Dataset content:
########################################
definition alpha_bar :: "nat \<Rightarrow> real \<Rightarrow> real \<Rightarrow> real \<Rightarrow> real \<Rightarrow> real \<Rightarrow> real \<Rightarrow> real
    \<Rightarrow> real \<Rightarrow> real \<Rightarrow> real" where
  "alpha_bar n l s \<sigma> \<tau> \<epsilon> y ym c d =
     (let \<Delta> = Delta_const n s c d \<epsilon> l ym \<sigma> \<tau>;
          q = c * d * \<epsilon> * l^2 * y * ym^2 * (l + real n * s)
      in min ((sqrt (\<Delta>^2 + 4 * real n * s * (1 - \<sigma>)^2 * q) - \<Delta>) / (2 * q))
             (1 / (real n * l)))"

end

theory Submission imports Defs begin

text \<open>
  \<open>G\<close> has nonnegative entries, so a Perron-type argument applies: if some positive vector
  \<open>v\<close> satisfies \<open>G v < v\<close> componentwise, then \<open>G v \<le> \<rho> v\<close> for some \<open>\<rho> < 1\<close>, hence
  \<open>|G\<^sup>k x| \<le> \<rho>\<^sup>k (\<parallel>x\<parallel> / min v) v\<close> componentwise, which bounds \<open>\<parallel>G\<^sup>k\<parallel>\<^sub>2\<close> geometrically.
  For the lower-triangular-plus-corner shape of \<open>G\<close> such a \<open>v = (1, w, x)\<close> exists iff a single
  inequality between the entries holds; after clearing the denominator \<open>n s\<close> it becomes
  \<open>q \<alpha>\<^sup>2 + \<Delta> \<alpha> < n s (1 - \<sigma>)\<^sup>2\<close>, i.e. \<open>\<alpha>\<close> lies below the positive root that defines
  \<open>alpha_bar\<close>. The bound \<open>\<alpha> < 1/(n l)\<close> together with \<open>s \<le> l\<close> makes \<open>\<eta> = 1 - n \<alpha> s \<in> [0,1)\<close>.
  Each \<open>H\<^sub>k\<close> has a single nonzero column, so its spectral norm is the length of that column,
  and part (c) follows by submultiplicativity.
\<close>

lemma spec_norm_nonneg: "0 \<le> spec_norm (M :: real^'n^'n)"
  unfolding spec_norm_def by (rule onorm_pos_le[OF matrix_vector_mul_bounded_linear])

lemma spec_norm_matrix_mul_le:
  fixes A B :: "real^'n^'n"
  shows "spec_norm (A ** B) \<le> spec_norm A * spec_norm B"
proof -
  have "(\<lambda>x. (A ** B) *v x) = (\<lambda>x. A *v x) \<circ> (\<lambda>x. B *v x)"
    by (auto simp: matrix_vector_mul_assoc)
  then show ?thesis unfolding spec_norm_def
    by (metis onorm_compose matrix_vector_mul_bounded_linear)
qed

lemma spec_norm_single_column:
  fixes u :: "real^'n" and j :: 'n
  shows "spec_norm (\<chi> i k. if k = j then u$i else 0) = norm u"
proof -
  define M :: "real^'n^'n" where "M = (\<chi> i k. if k = j then u$i else 0)"
  have Mx: "M *v x = x$j *\<^sub>R u" for x
    by (simp add: M_def vec_eq_iff matrix_vector_mult_def if_distrib[of "\<lambda>a. a * _"] cong: if_cong)
  show ?thesis unfolding M_def[symmetric] spec_norm_def
  proof (rule antisym)
    show "onorm ((*v) M) \<le> norm u"
    proof (rule onorm_le)
      fix x :: "real^'n"
      have "norm (M *v x) = \<bar>x$j\<bar> * norm u" by (simp add: Mx)
      also have "\<dots> \<le> norm x * norm u"
        by (intro mult_right_mono component_le_norm_cart) auto
      finally show "norm (M *v x) \<le> norm u * norm x" by (simp add: mult.commute)
    qed
    have "norm (M *v axis j 1) \<le> onorm ((*v) M) * norm (axis j 1 :: real^'n)"
      by (rule onorm) simp
    then show "norm u \<le> onorm ((*v) M)" by (simp add: Mx)
  qed
qed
########################################
What the task requires: Whenever a line of the listing above holds the word "entries", copy that line.

Expected answer:
  \<open>G\<close> has nonnegative entries, so a Perron-type argument applies: if some positive vector
  inequality between the entries holds; after clearing the denominator \<open>n s\<close> it becomes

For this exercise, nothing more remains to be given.